Aim of the exercise — Using the entries that follow, write out the line containing "y] a = smul", the line containing "con1 A a (one", and every line between them, exactly and nothing else.

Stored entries
-----
lemma ghom_closed: "ghom A B \<phi> \<Longrightarrow> finite X \<Longrightarrow> a \<in> carr A X \<Longrightarrow> \<phi> X a \<in> carr B X"
  unfolding ghom_def by simp

lemma ghom_mul:
  "ghom A B \<phi> \<Longrightarrow> finite X \<Longrightarrow> finite Y \<Longrightarrow> pmap X Y f \<Longrightarrow> a \<in> carr A Y \<Longrightarrow> b \<in> tup A Y f \<Longrightarrow>
    \<phi> X (mul A X Y f a b) = mul B X Y f (\<phi> Y a) (htup \<phi> Y f b)"
  unfolding ghom_def by (elim conjE) simp

lemma ghom_con:
  "ghom A B \<phi> \<Longrightarrow> finite X \<Longrightarrow> finite Y \<Longrightarrow> pmap X Y f \<Longrightarrow> c \<in> carr A X \<Longrightarrow> b \<in> tup A Y f \<Longrightarrow>
    \<phi> Y (con A X Y f c b) = con B X Y f (\<phi> X c) (htup \<phi> Y f b)"
  unfolding ghom_def by (elim conjE) simp

lemma ghom_one: "ghom A B \<phi> \<Longrightarrow> \<phi> {1} (one A) = one B"
  unfolding ghom_def by simp

section \<open>Singletons\<close>

abbreviation single :: "nat \<Rightarrow> 'a \<Rightarrow> nat \<Rightarrow> 'a" where
  "single y v \<equiv> restrict (\<lambda>_. v) {y}"

abbreviation smul :: "'a gring \<Rightarrow> nat \<Rightarrow> nat \<Rightarrow> 'a \<Rightarrow> 'a \<Rightarrow> 'a" where
  "smul A x y a b \<equiv> mul A {x} {y} [x \<mapsto> y] a (single y b)"

abbreviation scon :: "'a gring \<Rightarrow> nat \<Rightarrow> nat \<Rightarrow> 'a \<Rightarrow> 'a \<Rightarrow> 'a" where
  "scon A x y c b \<equiv> con A {x} {y} [x \<mapsto> y] c (single y b)"

lemma pmap_singleton: "pmap {a} {b} [a \<mapsto> b]"
  by (auto simp: pmap_def)

lemma pbij_singleton: "pbij {a} {b} [a \<mapsto> b]"
  by (auto simp: pbij_def pmap_def)

lemma idm_singleton: "idm {a} = [a \<mapsto> a]"
  by (auto simp: idm_def)

lemma fib_singleton: "fib [a \<mapsto> b] c = (if c = b then {a} else {})"
  by (auto simp: fib_def)

lemma map_comp_singleton: "[b \<mapsto> c] \<circ>\<^sub>m [a \<mapsto> b'] = (if b = b' then [a \<mapsto> c] else Map.empty)"
  by (auto simp: map_comp_def)

lemma restrict_map_singleton: "[a \<mapsto> b] |` {a} = [a \<mapsto> b]"
  by (auto simp: restrict_map_def)

lemma ptr_singleton: "ptr [a \<mapsto> b] = [b \<mapsto> a]"
  by (auto simp: ptr_def)

lemma unit_pb_singleton: "unit_pb A {y} [x \<mapsto> y] = single y (unit_at A x)"
  by (auto simp: unit_pb_def)

lemmas singleton_simps = fib_singleton map_comp_singleton restrict_map_singleton
  unit_pb_singleton idm_singleton ptr_singleton

lemma tup_singleton: "v \<in> carr A {a} \<Longrightarrow> single b v \<in> tup A {b} [a \<mapsto> b]"
  by (auto simp: tup_def fib_singleton)

lemma fmul_apply:
  "z \<in> Z \<Longrightarrow> fmul A Z g f a b z =
    mul A (fib (g \<circ>\<^sub>m f) z) (fib g z) (f |` fib (g \<circ>\<^sub>m f) z) (a z) (restrict b (fib g z))"
  by (simp add: fmul_def)

lemma fcon_apply:
  "z \<in> Z \<Longrightarrow> fcon A Z g f a b z =
    con A (fib (g \<circ>\<^sub>m f) z) (fib g z) (f |` fib (g \<circ>\<^sub>m f) z) (a z) (restrict b (fib g z))"
  by (simp add: fcon_def)

lemma restrict_fmul_singleton: "restrict (fmul A {z} g f a b) {z} = single z (fmul A {z} g f a b z)"
  by auto

lemma restrict_fcon_singleton: "restrict (fcon A {z} g f a b) {z} = single z (fcon A {z} g f a b z)"
  by auto

lemma unit_at_one: "gring A \<Longrightarrow> unit_at A 1 = one A"
  unfolding unit_at_def idm_singleton[symmetric] by (intro gring_tr_id gring_one_closed) simp_all

lemma unit_at_closed: "gring A \<Longrightarrow> unit_at A x \<in> carr A {x}"
  unfolding unit_at_def by (intro gring_tr_closed gring_one_closed pbij_singleton) simp_all

lemma transport_singleton_closed:
  "gring A \<Longrightarrow> a \<in> carr A {x} \<Longrightarrow> tr A {x} {y} [x \<mapsto> y] a \<in> carr A {y}"
  by (intro gring_tr_closed pbij_singleton) simp_all

lemma smul_closed: "gring A \<Longrightarrow> a \<in> carr A {y} \<Longrightarrow> b \<in> carr A {x} \<Longrightarrow> smul A x y a b \<in> carr A {x}"
  by (intro gring_mul_closed pmap_singleton tup_singleton) simp_all

lemma scon_closed: "gring A \<Longrightarrow> c \<in> carr A {x} \<Longrightarrow> b \<in> carr A {x} \<Longrightarrow> scon A x y c b \<in> carr A {y}"
  by (intro gring_con_closed pmap_singleton tup_singleton) simp_all

lemma smul_assoc:
  assumes G: "gring A" and d: "d \<in> carr A {z}" and c: "c \<in> carr A {y}" and b: "b \<in> carr A {x}"
  shows "smul A x z d (smul A x y c b) = smul A x y (smul A y z d c) b"
proof -
  have "fmul A {z} [z \<mapsto> z] ([y \<mapsto> z] \<circ>\<^sub>m [x \<mapsto> y]) (single z d)
        (fmul A {z} [y \<mapsto> z] [x \<mapsto> y] (single z c) (single y b)) =
      fmul A {z} ([z \<mapsto> z] \<circ>\<^sub>m [y \<mapsto> z]) [x \<mapsto> y]
        (fmul A {z} [z \<mapsto> z] [y \<mapsto> z] (single z d) (single z c)) (single y b)"
    by (rule gring_fmul_assoc[OF G _ _ _ _ pmap_singleton pmap_singleton pmap_singleton
          tup_singleton[OF d] tup_singleton[OF c] tup_singleton[OF b]]) simp_all
  from fun_cong[OF this, of z] show ?thesis
    by (simp add: fmul_apply restrict_fmul_singleton singleton_simps)
qed

lemma scon_smul_right:
  assumes G: "gring A" and d: "d \<in> carr A {x}" and a: "a \<in> carr A {y}" and c: "c \<in> carr A {x}"
  shows "scon A x z d (smul A x y a c) = scon A y z (scon A x y d c) a"
proof -
  have d': "single z d \<in> tup A {z} ([z \<mapsto> z] \<circ>\<^sub>m [y \<mapsto> z] \<circ>\<^sub>m [x \<mapsto> y])"
    using tup_singleton[OF d] by (simp add: map_comp_singleton)
  have "fcon A {z} [z \<mapsto> z] ([y \<mapsto> z] \<circ>\<^sub>m [x \<mapsto> y]) (single z d)
        (fmul A {z} [y \<mapsto> z] [x \<mapsto> y] (single z a) (single y c)) =
      fcon A {z} [z \<mapsto> z] [y \<mapsto> z]
        (fcon A {z} ([z \<mapsto> z] \<circ>\<^sub>m [y \<mapsto> z]) [x \<mapsto> y] (single z d) (single y c)) (single z a)"
    by (rule gring_fcon_fmul_right[OF G _ _ _ _ pmap_singleton pmap_singleton pmap_singleton
          d' tup_singleton[OF a] tup_singleton[OF c]]) simp_all
  from fun_cong[OF this, of z] show ?thesis
    by (simp add: fmul_apply fcon_apply restrict_fmul_singleton restrict_fcon_singleton singleton_simps)
qed

lemma scon_smul_left:
  assumes G: "gring A" and d: "d \<in> carr A {y}" and c: "c \<in> carr A {x}" and a: "a \<in> carr A {x}"
  shows "scon A x z (smul A x y d c) a = scon A y z d (scon A x y a c)"
proof -
  have d': "single z d \<in> tup A {z} ([z \<mapsto> z] \<circ>\<^sub>m [y \<mapsto> z])"
    using tup_singleton[OF d] by (simp add: map_comp_singleton)
  have a': "single z a \<in> tup A {z} ([y \<mapsto> z] \<circ>\<^sub>m [x \<mapsto> y])"
    using tup_singleton[OF a] by (simp add: map_comp_singleton)
  have "fcon A {z} [z \<mapsto> z] ([y \<mapsto> z] \<circ>\<^sub>m [x \<mapsto> y])
        (fmul A {z} ([z \<mapsto> z] \<circ>\<^sub>m [y \<mapsto> z]) [x \<mapsto> y] (single z d) (single y c)) (single z a) =
      fcon A {z} [z \<mapsto> z] [y \<mapsto> z] (single z d)
        (fcon A {z} [y \<mapsto> z] [x \<mapsto> y] (single z a) (single y c))"
    by (rule gring_fcon_fmul_left[OF G _ _ _ _ pmap_singleton pmap_singleton pmap_singleton
          d' a' tup_singleton[OF c]]) simp_all
  from fun_cong[OF this, of z] show ?thesis
    by (simp add: fmul_apply fcon_apply restrict_fmul_singleton restrict_fcon_singleton singleton_simps)
qed

lemma scon_smul_assoc:
  assumes G: "gring A" and d: "d \<in> carr A {z}" and a: "a \<in> carr A {x}" and c: "c \<in> carr A {x}"
  shows "scon A x y (smul A x z d a) c = smul A y z d (scon A x y a c)"
proof -
  have a': "single z a \<in> tup A {z} ([y \<mapsto> z] \<circ>\<^sub>m [x \<mapsto> y])"
    using tup_singleton[OF a] by (simp add: map_comp_singleton)
  have "fcon A {z} ([z \<mapsto> z] \<circ>\<^sub>m [y \<mapsto> z]) [x \<mapsto> y]
        (fmul A {z} [z \<mapsto> z] ([y \<mapsto> z] \<circ>\<^sub>m [x \<mapsto> y]) (single z d) (single z a)) (single y c) =
      fmul A {z} [z \<mapsto> z] [y \<mapsto> z] (single z d)
        (fcon A {z} [y \<mapsto> z] [x \<mapsto> y] (single z a) (single y c))"
    by (rule gring_fcon_fmul_assoc[OF G _ _ _ _ pmap_singleton pmap_singleton pmap_singleton
          tup_singleton[OF d] a' tup_singleton[OF c]]) simp_all
  from fun_cong[OF this, of z] show ?thesis
    by (simp add: fmul_apply fcon_apply restrict_fmul_singleton restrict_fcon_singleton singleton_simps)
qed

lemma smul_unit_at_left:
  assumes G: "gring A" and a: "a \<in> carr A {x}"
  shows "smul A x y (unit_at A y) a = a"
proof -
  have "fmul A {y} (idm {y}) [x \<mapsto> y] (unit_pb A {y} (idm {y})) (single y a) = single y a"
    by (rule gring_fmul_unit_left[OF G _ _ pmap_singleton tup_singleton[OF a]]) simp_all
  from fun_cong[OF this, of y] show ?thesis
    by (simp add: fmul_apply restrict_fmul_singleton singleton_simps)
qed

lemma smul_unit_at_right:
  assumes G: "gring A" and a: "a \<in> carr A {x}"
  shows "smul A x x a (unit_at A x) = a"
proof -
  have "fmul A {x} [x \<mapsto> x] (idm {x}) (single x a) (unit_pb A {x} (idm {x})) = single x a"
    by (rule gring_fmul_unit_right[OF G _ _ pmap_singleton tup_singleton[OF a]]) simp_all
  from fun_cong[OF this, of x] show ?thesis
    by (simp add: fmul_apply restrict_fmul_singleton singleton_simps)
qed

lemma scon_unit_at_right:
  assumes G: "gring A" and a: "a \<in> carr A {x}"
  shows "scon A x x a (unit_at A x) = a"
proof -
  have "fcon A {x} [x \<mapsto> x] (idm {x}) (single x a) (unit_pb A {x} (idm {x})) = single x a"
    by (rule gring_fcon_unit[OF G _ _ pmap_singleton tup_singleton[OF a]]) simp_all
  from fun_cong[OF this, of x] show ?thesis by (simp add: fcon_apply singleton_simps)
qed

lemma transport_singleton_eq_smul:
  assumes G: "gring A" and a: "a \<in> carr A {x}"
  shows "tr A {x} {y} [x \<mapsto> y] a = smul A y x a (unit_at A y)"
  using gring_mul_unit_transport[OF G _ _ pbij_singleton a] by (simp add: singleton_simps)

lemma transport_singleton_eq_scon:
  assumes G: "gring A" and a: "a \<in> carr A {x}"
  shows "tr A {x} {y} [x \<mapsto> y] a = scon A x y a (unit_at A x)"
  using gring_con_unit_transport[OF G _ _ pbij_singleton a] by (simp add: singleton_simps)

section \<open>The ring A_[1]\<close>

abbreviation con1 :: "'a gring \<Rightarrow> 'a \<Rightarrow> 'a \<Rightarrow> 'a" where
  "con1 A \<equiv> scon A 1 1"

lemma mul1_eq_smul: "mul1 A a b = smul A 1 1 a b"
  by (simp add: mul1_def idm_singleton)

lemma mul1_closed: "gring A \<Longrightarrow> a \<in> carr A {1} \<Longrightarrow> b \<in> carr A {1} \<Longrightarrow> mul1 A a b \<in> carr A {1}"
  by (simp add: mul1_eq_smul smul_closed)

lemma con1_closed: "gring A \<Longrightarrow> a \<in> carr A {1} \<Longrightarrow> b \<in> carr A {1} \<Longrightarrow> con1 A a b \<in> carr A {1}"
  by (rule scon_closed)

lemma mul1_one_right: "gring A \<Longrightarrow> a \<in> carr A {1} \<Longrightarrow> mul1 A a (one A) = a"
  using smul_unit_at_right[of A a 1] by (simp add: mul1_eq_smul unit_at_one)

lemma mul1_one_left: "gring A \<Longrightarrow> a \<in> carr A {1} \<Longrightarrow> mul1 A (one A) a = a"
  using smul_unit_at_left[of A a 1 1] by (simp add: mul1_eq_smul unit_at_one)

lemma con1_one_right: "gring A \<Longrightarrow> a \<in> carr A {1} \<Longrightarrow> con1 A a (one A) = a"
  using scon_unit_at_right[of A a 1] by (simp add: unit_at_one)

lemma con1_mul1: "gring A \<Longrightarrow> d \<in> carr A {1} \<Longrightarrow> a \<in> carr A {1} \<Longrightarrow> c \<in> carr A {1} \<Longrightarrow>
    con1 A (mul1 A d a) c = mul1 A d (con1 A a c)"
  by (simp add: mul1_eq_smul scon_smul_assoc)

lemma con1_mul1_con1: "gring A \<Longrightarrow> d \<in> carr A {1} \<Longrightarrow> a \<in> carr A {1} \<Longrightarrow> c \<in> carr A {1} \<Longrightarrow>
    con1 A (mul1 A d c) a = con1 A d (con1 A a c)"
  by (simp add: mul1_eq_smul scon_smul_left)

lemma smul_transport_left:
  assumes G: "gring A" and a: "a \<in> carr A {1}" and b: "b \<in> carr A {1}"
  shows "smul A 1 r (tr A {1} {r} [1 \<mapsto> r] a) b = mul1 A a b"
proof -
  have "smul A 1 r (tr A {1} {r} [1 \<mapsto> r] a) b = smul A 1 r (smul A r 1 a (unit_at A r)) b"
    using transport_singleton_eq_smul[OF G a] by simp
  also have "\<dots> = smul A 1 1 a (smul A 1 r (unit_at A r) b)"
    using smul_assoc[OF G a unit_at_closed[OF G] b] by simp
  also have "\<dots> = mul1 A a b"
    by (simp add: smul_unit_at_left[OF G b] mul1_eq_smul)
  finally show ?thesis .
qed

lemma smul_transport_right:
  assumes G: "gring A" and d: "d \<in> carr A {r}" and a: "a \<in> carr A {1}"
  shows "smul A q r d (tr A {1} {q} [1 \<mapsto> q] a) = tr A {1} {q} [1 \<mapsto> q] (smul A 1 r d a)"
  using scon_smul_assoc[OF G d a gring_one_closed[OF G], of q]
  by (simp add: transport_singleton_eq_scon[OF G] a smul_closed[OF G d a] unit_at_one[OF G])

lemma scon_transport:
  assumes G: "gring A" and a: "a \<in> carr A {1}" and c: "c \<in> carr A {1}"
  shows "scon A p 1 (tr A {1} {p} [1 \<mapsto> p] a) (tr A {1} {p} [1 \<mapsto> p] c) = con1 A a c"
proof -
  have "smul A 1 p (tr A {1} {p} [1 \<mapsto> p] c) (one A) = c"
    using smul_transport_left[OF G c gring_one_closed[OF G]] mul1_one_right[OF G c] by simp
  moreover have "scon A 1 p a (one A) = tr A {1} {p} [1 \<mapsto> p] a"
    using transport_singleton_eq_scon[OF G a] unit_at_one[OF G] by simp
  ultimately show ?thesis
    using scon_smul_right[OF G a transport_singleton_closed[OF G c, of p] gring_one_closed[OF G], of 1]
    by simp
qed

lemma fib_cmap: "fib (cmap X) 1 = X"
  by (auto simp: fib_def cmap_def)

lemma fib_idm: "x \<in> X \<Longrightarrow> fib (idm X) x = {x}"
  by (auto simp: fib_def idm_def)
-----
Expected answer —
  shows "tr A {x} {y} [x \<mapsto> y] a = smul A y x a (unit_at A y)"
  using gring_mul_unit_transport[OF G _ _ pbij_singleton a] by (simp add: singleton_simps)

lemma transport_singleton_eq_scon:
  assumes G: "gring A" and a: "a \<in> carr A {x}"
  shows "tr A {x} {y} [x \<mapsto> y] a = scon A x y a (unit_at A x)"
  using gring_con_unit_transport[OF G _ _ pbij_singleton a] by (simp add: singleton_simps)

section \<open>The ring A_[1]\<close>

abbreviation con1 :: "'a gring \<Rightarrow> 'a \<Rightarrow> 'a \<Rightarrow> 'a" where
  "con1 A \<equiv> scon A 1 1"

lemma mul1_eq_smul: "mul1 A a b = smul A 1 1 a b"
  by (simp add: mul1_def idm_singleton)

lemma mul1_closed: "gring A \<Longrightarrow> a \<in> carr A {1} \<Longrightarrow> b \<in> carr A {1} \<Longrightarrow> mul1 A a b \<in> carr A {1}"
  by (simp add: mul1_eq_smul smul_closed)

lemma con1_closed: "gring A \<Longrightarrow> a \<in> carr A {1} \<Longrightarrow> b \<in> carr A {1} \<Longrightarrow> con1 A a b \<in> carr A {1}"
  by (rule scon_closed)

lemma mul1_one_right: "gring A \<Longrightarrow> a \<in> carr A {1} \<Longrightarrow> mul1 A a (one A) = a"
  using smul_unit_at_right[of A a 1] by (simp add: mul1_eq_smul unit_at_one)

lemma mul1_one_left: "gring A \<Longrightarrow> a \<in> carr A {1} \<Longrightarrow> mul1 A (one A) a = a"
  using smul_unit_at_left[of A a 1 1] by (simp add: mul1_eq_smul unit_at_one)

lemma con1_one_right: "gring A \<Longrightarrow> a \<in> carr A {1} \<Longrightarrow> con1 A a (one A) = a"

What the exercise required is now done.